» **Task item**
What is needed is an exact retyping of the records below, from the first line through the line that contains "by (simp add: has_vector_derivative_def".

==== Dataset excerpts ====

lemma mexp_scaleR_inverse: "mexp (t *\<^sub>R A) ** mexp (t *\<^sub>R (- A)) = mat 1"
proof -
  define F where "F s = mexp (s *\<^sub>R A) ** mexp (s *\<^sub>R (- A))" for s
  have "(F has_derivative (\<lambda>h. 0)) (at s)" for s
  proof -
    have "(F has_vector_derivative mexp (s *\<^sub>R A) ** (- A ** mexp (s *\<^sub>R (- A)))
        + (A ** mexp (s *\<^sub>R A)) ** mexp (s *\<^sub>R (- A))) (at s)"
      unfolding F_def by (intro matrix_mult.has_vector_derivative has_vector_derivative_mexp)
    then show ?thesis
      by (simp add: has_vector_derivative_def mexp_commute matrix_mul_assoc matrix_mult.minus_left
          matrix_mult.minus_right)
  qed
  then obtain c where "\<And>s. F s = c"
    using has_derivative_zero_constant[of UNIV F] by auto
  then have "F t = F 0"
    by simp
  then show ?thesis
    by (simp add: F_def mexp_zero)
qed

lemma adj_mexp_scaleR: "adj (mexp (t *\<^sub>R A)) = mexp (t *\<^sub>R adj A)"
proof -
  have "adj (mexp (t *\<^sub>R A)) = (\<Sum>k. adj ((t ^ k / fact k) *\<^sub>R mpow A k))"
    unfolding mexp_scaleR
    by (rule bounded_linear.suminf[OF bounded_linear_adj summable_mexp_series])
  also have "\<dots> = mexp (t *\<^sub>R adj A)"
    by (simp add: mexp_scaleR adj_mpow
        linear_scale[OF bounded_linear.linear[OF bounded_linear_adj]])
  finally show ?thesis .
qed

lemma unitary_mexp_skew_hermitian:
  assumes "adj A = - A"
  shows "unitary (mexp (t *\<^sub>R A))"
  using mexp_scaleR_inverse[of t A] mexp_scaleR_inverse[of t "- A"]
  by (simp add: unitary_def adj_mexp_scaleR assms)

section \<open>Derivatives of the rotated channels\<close>

definition Utilde_ad ::
    "(nat \<Rightarrow> 'n::finite cmat) \<Rightarrow> (nat \<Rightarrow> 'n cmat) \<Rightarrow> nat \<Rightarrow> real \<Rightarrow> nat \<Rightarrow> 'n cmat \<Rightarrow> 'n cmat"
  where "Utilde_ad V H a \<theta> k A =
    mexp (\<theta> *\<^sub>R cscale \<i> (H k)) ** (commutator (cscale \<i> (H k)) ^^ a) (adj (V k) ** A ** V k)
      ** mexp (\<theta> *\<^sub>R - cscale \<i> (H k))"

lemma Utilde_eq_Utilde_ad: "Utilde V H \<theta> k A = Utilde_ad V H 0 \<theta> k A"
  unfolding Utilde_def Utilde_ad_def
  by (simp add: cscale_mult_of_real cscale_uminus matrix_mul_assoc)

lemma bounded_linear_iterated_commutator: "bounded_linear (commutator X ^^ a)"
  by (induction a) (auto intro: bounded_linear_compose[OF bounded_linear_commutator] simp: id_def)

lemma bounded_linear_conj_iterated_commutator:
  "bounded_linear (\<lambda>B. (commutator X ^^ a) (adj W ** B ** W))"
  by (intro bounded_linear_compose[OF bounded_linear_iterated_commutator]
      bounded_linear_compose[OF matrix_mult.bounded_linear_left matrix_mult.bounded_linear_right])

lemma bounded_linear_Utilde_ad: "bounded_linear (Utilde_ad V H a \<theta> k)"
  unfolding Utilde_ad_def
  by (intro bounded_linear_compose[OF matrix_mult.bounded_linear_left]
      bounded_linear_compose[OF matrix_mult.bounded_linear_right]
      bounded_linear_conj_iterated_commutator)

lemma has_vector_derivative_Utilde_ad:
  assumes "(g has_vector_derivative g') (at t)"
  shows "((\<lambda>s. Utilde_ad V H a s k (g s)) has_vector_derivative
      Utilde_ad V H (Suc a) t k (g t) + Utilde_ad V H a t k g') (at t)"
proof -
  define X where "X = cscale \<i> (H k)"
  define L where "L B = (commutator X ^^ a) (adj (V k) ** B ** V k)" for B
  have "bounded_linear L"
    unfolding L_def by (rule bounded_linear_conj_iterated_commutator)
  then have "((\<lambda>s. L (g s)) has_vector_derivative L g') (at t)"
    using assms by (rule bounded_linear.has_vector_derivative)
  then have "((\<lambda>s. mexp (s *\<^sub>R X) ** L (g s) ** mexp (s *\<^sub>R - X)) has_vector_derivative
      (mexp (t *\<^sub>R X) ** L (g t)) ** (- X ** mexp (t *\<^sub>R - X))
      + (mexp (t *\<^sub>R X) ** L g' + (X ** mexp (t *\<^sub>R X)) ** L (g t)) ** mexp (t *\<^sub>R - X)) (at t)"
    by (intro matrix_mult.has_vector_derivative has_vector_derivative_mexp)
  moreover have "(mexp (t *\<^sub>R X) ** L (g t)) ** (- X ** mexp (t *\<^sub>R - X))
      + (mexp (t *\<^sub>R X) ** L g' + (X ** mexp (t *\<^sub>R X)) ** L (g t)) ** mexp (t *\<^sub>R - X)
    = mexp (t *\<^sub>R X) ** commutator X (L (g t)) ** mexp (t *\<^sub>R - X)
      + mexp (t *\<^sub>R X) ** L g' ** mexp (t *\<^sub>R - X)"
    by (simp add: commutator_def mexp_commute matrix_mul_assoc matrix_mult.minus_left
        matrix_mult.minus_right matrix_mult.diff_left matrix_mult.diff_right matrix_mult.add_left
        matrix_mult.add_right algebra_simps)
  ultimately show ?thesis
    by (simp add: Utilde_ad_def X_def L_def)
qed

lemma opnorm_Utilde_ad_le:
  assumes "hermitian (H k)" "unitary (V k)"
  shows "opnorm (Utilde_ad V H a \<theta> k A) \<le> omega_max (H k) ^ a * opnorm A"
proof -
  define X where "X = cscale \<i> (H k)"
  have "adj X = - X"
    using assms(1) by (simp add: X_def adj_cscale hermitian_def cscale_uminus)
  then have "adj (- X) = - (- X)"
    by (simp add: adj_uminus)
  have "opnorm (Utilde_ad V H a \<theta> k A) \<le> opnorm ((commutator X ^^ a) (adj (V k) ** A ** V k))"
    unfolding Utilde_ad_def X_def[symmetric]
    by (intro opnorm_unitary_conj_le unitary_mexp_skew_hermitian) fact+
  also have "\<dots> \<le> omega_max (H k) ^ a * opnorm (adj (V k) ** A ** V k)"
    unfolding X_def by (rule opnorm_iterated_commutator_le[OF assms(1)])
  also have "\<dots> \<le> omega_max (H k) ^ a * opnorm A"
    using assms(2)
    by (intro mult_left_mono opnorm_unitary_conj_le unitary_adj) (auto simp: omega_max_def)
  finally show ?thesis .
qed

lemma Utilde_deriv_eq_Utilde_ad: "Utilde_deriv V H a \<theta> k A = Utilde_ad V H a \<theta> k A"
proof -
  have "nth_deriv a (\<lambda>\<theta>. Utilde_ad V H 0 \<theta> k A) = (\<lambda>\<theta>. Utilde_ad V H a \<theta> k A)"
  proof (induction a)
    case (Suc a)
    have "((\<lambda>s. Utilde_ad V H a s k A) has_vector_derivative Utilde_ad V H (Suc a) \<theta> k A)
        (at \<theta>)" for \<theta>
      using has_vector_derivative_Utilde_ad[where g = "\<lambda>_. A" and g' = 0,
          OF has_vector_derivative_const]
      by (simp add: linear_0[OF bounded_linear.linear[OF bounded_linear_Utilde_ad]])
    then show ?case
      by (auto simp: Suc.IH fun_eq_iff intro: vector_derivative_at)
  qed simp
  then show ?thesis
    by (simp add: Utilde_deriv_def Utilde_eq_Utilde_ad)
qed

lemma has_vector_derivative_Utilde_deriv:
  "(g has_vector_derivative g') (at t) \<Longrightarrow>
    ((\<lambda>s. Utilde_deriv V H a s k (g s)) has_vector_derivative
      Utilde_deriv V H (Suc a) t k (g t) + Utilde_deriv V H a t k g') (at t)"
  unfolding Utilde_deriv_eq_Utilde_ad by (rule has_vector_derivative_Utilde_ad)

lemma linear_Utilde_deriv: "linear (Utilde_deriv V H a \<theta> k)"
  unfolding Utilde_deriv_eq_Utilde_ad[abs_def]
  using bounded_linear_Utilde_ad bounded_linear.linear by blast

lemma opnorm_Utilde_deriv_le:
  "hermitian (H k) \<Longrightarrow> unitary (V k) \<Longrightarrow>
    opnorm (Utilde_deriv V H a \<theta> k A) \<le> omega_max (H k) ^ a * opnorm A"
  unfolding Utilde_deriv_eq_Utilde_ad by (rule opnorm_Utilde_ad_le)

section \<open>The Leibniz rule\<close>

lemma sum_choose_Suc:
  fixes F :: "nat \<Rightarrow> nat \<Rightarrow> 'a::real_vector"
  shows "(\<Sum>i\<le>Suc p. real (Suc p choose i) *\<^sub>R F i (Suc p - i))
       = (\<Sum>i\<le>p. real (p choose i) *\<^sub>R (F (Suc i) (p - i) + F i (Suc p - i)))"
proof -
  define G where "G i = F i (Suc p - i)" for i
  have "(\<Sum>i\<le>Suc p. real (Suc p choose i) *\<^sub>R G i)
      = (\<Sum>i\<le>p. real (p choose i) *\<^sub>R G (Suc i))
        + (G 0 + (\<Sum>i\<le>p. real (p choose Suc i) *\<^sub>R G (Suc i)))"
    by (subst sum.atMost_Suc_shift) (simp add: scaleR_add_left sum.distrib)
  also have "G 0 + (\<Sum>i\<le>p. real (p choose Suc i) *\<^sub>R G (Suc i))
      = (\<Sum>i\<le>Suc p. real (p choose i) *\<^sub>R G i)"
    unfolding sum.atMost_Suc_shift by simp
  also have "\<dots> = (\<Sum>i\<le>p. real (p choose i) *\<^sub>R G i)"
    by simp
  finally show ?thesis
    by (simp add: G_def scaleR_add_right sum.distrib Suc_diff_le)
qed

context
  fixes U :: "nat \<Rightarrow> real \<Rightarrow> 'a::real_normed_vector \<Rightarrow> 'b::real_normed_vector" and g :: "real \<Rightarrow> 'a"
  assumes U: "\<And>i t f f'. (f has_vector_derivative f') (at t) \<Longrightarrow>
      ((\<lambda>s. U i s (f s)) has_vector_derivative U (Suc i) t (f t) + U i t f') (at t)"
    and g: "\<And>m t. (nth_deriv m g has_vector_derivative nth_deriv (Suc m) g t) (at t)"
begin

lemma has_vector_derivative_leibniz_sum:
  "((\<lambda>t. \<Sum>i\<le>p. real (p choose i) *\<^sub>R U i t (nth_deriv (p - i) g t)) has_vector_derivative
      (\<Sum>i\<le>Suc p. real (Suc p choose i) *\<^sub>R U i t (nth_deriv (Suc p - i) g t))) (at t)"
  unfolding sum_choose_Suc[where F = "\<lambda>i m. U i t (nth_deriv m g t)"]
  by (auto intro!: has_vector_derivative_sum U g
      bounded_linear.has_vector_derivative[OF bounded_linear_scaleR_right]
      simp: Suc_diff_le simp del: nth_deriv.simps cong: sum.cong)

lemma nth_deriv_leibniz:
  "nth_deriv p (\<lambda>t. U 0 t (g t)) = (\<lambda>t. \<Sum>i\<le>p. real (p choose i) *\<^sub>R U i t (nth_deriv (p - i) g t))"
proof (induction p)
  case (Suc p)
  show ?case
    using has_vector_derivative_leibniz_sum[of p]
    by (auto simp: Suc.IH fun_eq_iff intro: vector_derivative_at)
qed simp

lemma has_vector_derivative_nth_deriv_leibniz:
  "(nth_deriv p (\<lambda>t. U 0 t (g t)) has_vector_derivative nth_deriv (Suc p) (\<lambda>t. U 0 t (g t)) t)
    (at t)"
  unfolding nth_deriv_leibniz by (rule has_vector_derivative_leibniz_sum)

end

lemma nth_deriv_const: "nth_deriv (Suc m) (\<lambda>_. c) = (\<lambda>_. 0)"
  by (induction m) simp_all

section \<open>Multinomial expansion of the derivatives of the channel\<close>

lemma finite_multi_indices: "finite (multi_indices j p)"
proof (rule finite_subset)
  show "multi_indices j p \<subseteq> {a. \<forall>k. (k \<in> {1..j} \<longrightarrow> a k \<in> {0..p}) \<and> (k \<notin> {1..j} \<longrightarrow> a k = 0)}"
    by (auto simp: multi_indices_def intro: member_le_sum[of _ "{1..j}", simplified])
  show "finite {a. \<forall>k. (k \<in> {1..j} \<longrightarrow> a k \<in> {0..p}) \<and> (k \<notin> {1..j} \<longrightarrow> a k = (0::nat))}"
    by (rule finite_set_of_finite_funs) auto
qed

lemma multi_indices_0: "multi_indices 0 p = (if p = 0 then {\<lambda>_. 0} else {})"
  by (auto simp: multi_indices_def)

lemma sum_multi_indices_Suc:
  "(\<Sum>b\<in>multi_indices (Suc j) p. f b) = (\<Sum>i\<le>p. \<Sum>a\<in>multi_indices j (p - i). f (a(Suc j := i)))"
proof -
  have "(\<Sum>i\<le>p. \<Sum>a\<in>multi_indices j (p - i). f (a(Suc j := i)))
      = (\<Sum>(i, a)\<in>Sigma {..p} (\<lambda>i. multi_indices j (p - i)). f (a(Suc j := i)))"
    by (rule sum.Sigma) (auto simp: finite_multi_indices)
  also have "\<dots> = (\<Sum>b\<in>multi_indices (Suc j) p. f b)"
  proof (rule sum.reindex_bij_witness[where j = "\<lambda>(i, a). a(Suc j := i)"
        and i = "\<lambda>b. (b (Suc j), b(Suc j := 0))"])
    show "(\<lambda>(i, a). a(Suc j := i)) ia \<in> multi_indices (Suc j) p"
      "(\<lambda>b. (b (Suc j), b(Suc j := 0))) ((\<lambda>(i, a). a(Suc j := i)) ia) = ia"
      if "ia \<in> Sigma {..p} (\<lambda>i. multi_indices j (p - i))" for ia
      using that by (auto simp: multi_indices_def fun_eq_iff)
    show "(b (Suc j), b(Suc j := 0)) \<in> Sigma {..p} (\<lambda>i. multi_indices j (p - i))"
      if "b \<in> multi_indices (Suc j) p" for b
      using that by (auto simp: multi_indices_def)
  qed auto
  finally show ?thesis ..
qed

lemma multinom_fun_upd:
  assumes "i \<le> p"
  shows "multinom (Suc j) p (a(Suc j := i)) = real (p choose i) * multinom j (p - i) a"
proof -
  have "(\<Prod>k=1..Suc j. fact ((a(Suc j := i)) k) :: real)
      = (\<Prod>k=1..j. fact ((a(Suc j := i)) k)) * fact i"
    by simp
  also have "(\<Prod>k=1..j. fact ((a(Suc j := i)) k) :: real) = (\<Prod>k=1..j. fact (a k))"
    by (intro prod.cong) auto
  finally show ?thesis
    unfolding multinom_def binomial_fact[OF assms] by (simp add: field_simps)
qed

lemma comp_derivs_0: "comp_derivs 0 V H a \<phi> A = A"
  by (simp add: comp_derivs_def)

lemma comp_derivs_Suc:
  "comp_derivs (Suc j) V H a \<phi> A = Utilde_deriv V H (a (Suc j)) \<phi> (Suc j) (comp_derivs j V H a \<phi> A)"
  by (simp add: comp_derivs_def)

lemma comp_derivs_fun_upd: "comp_derivs j V H (a(Suc j := i)) \<phi> A = comp_derivs j V H a \<phi> A"
proof -
  have "comp_derivs j V H (a(m := i)) \<phi> A = comp_derivs j V H a \<phi> A" if "j < m" for m
    using that by (induction j) (simp_all add: comp_derivs_0 comp_derivs_Suc)
  then show ?thesis
    by simp
qed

====

» **Answer for the task**
lemma mexp_scaleR_inverse: "mexp (t *\<^sub>R A) ** mexp (t *\<^sub>R (- A)) = mat 1"
proof -
  define F where "F s = mexp (s *\<^sub>R A) ** mexp (s *\<^sub>R (- A))" for s
  have "(F has_derivative (\<lambda>h. 0)) (at s)" for s
  proof -
    have "(F has_vector_derivative mexp (s *\<^sub>R A) ** (- A ** mexp (s *\<^sub>R (- A)))
        + (A ** mexp (s *\<^sub>R A)) ** mexp (s *\<^sub>R (- A))) (at s)"
      unfolding F_def by (intro matrix_mult.has_vector_derivative has_vector_derivative_mexp)
    then show ?thesis
      by (simp add: has_vector_derivative_def mexp_commute matrix_mul_assoc matrix_mult.minus_left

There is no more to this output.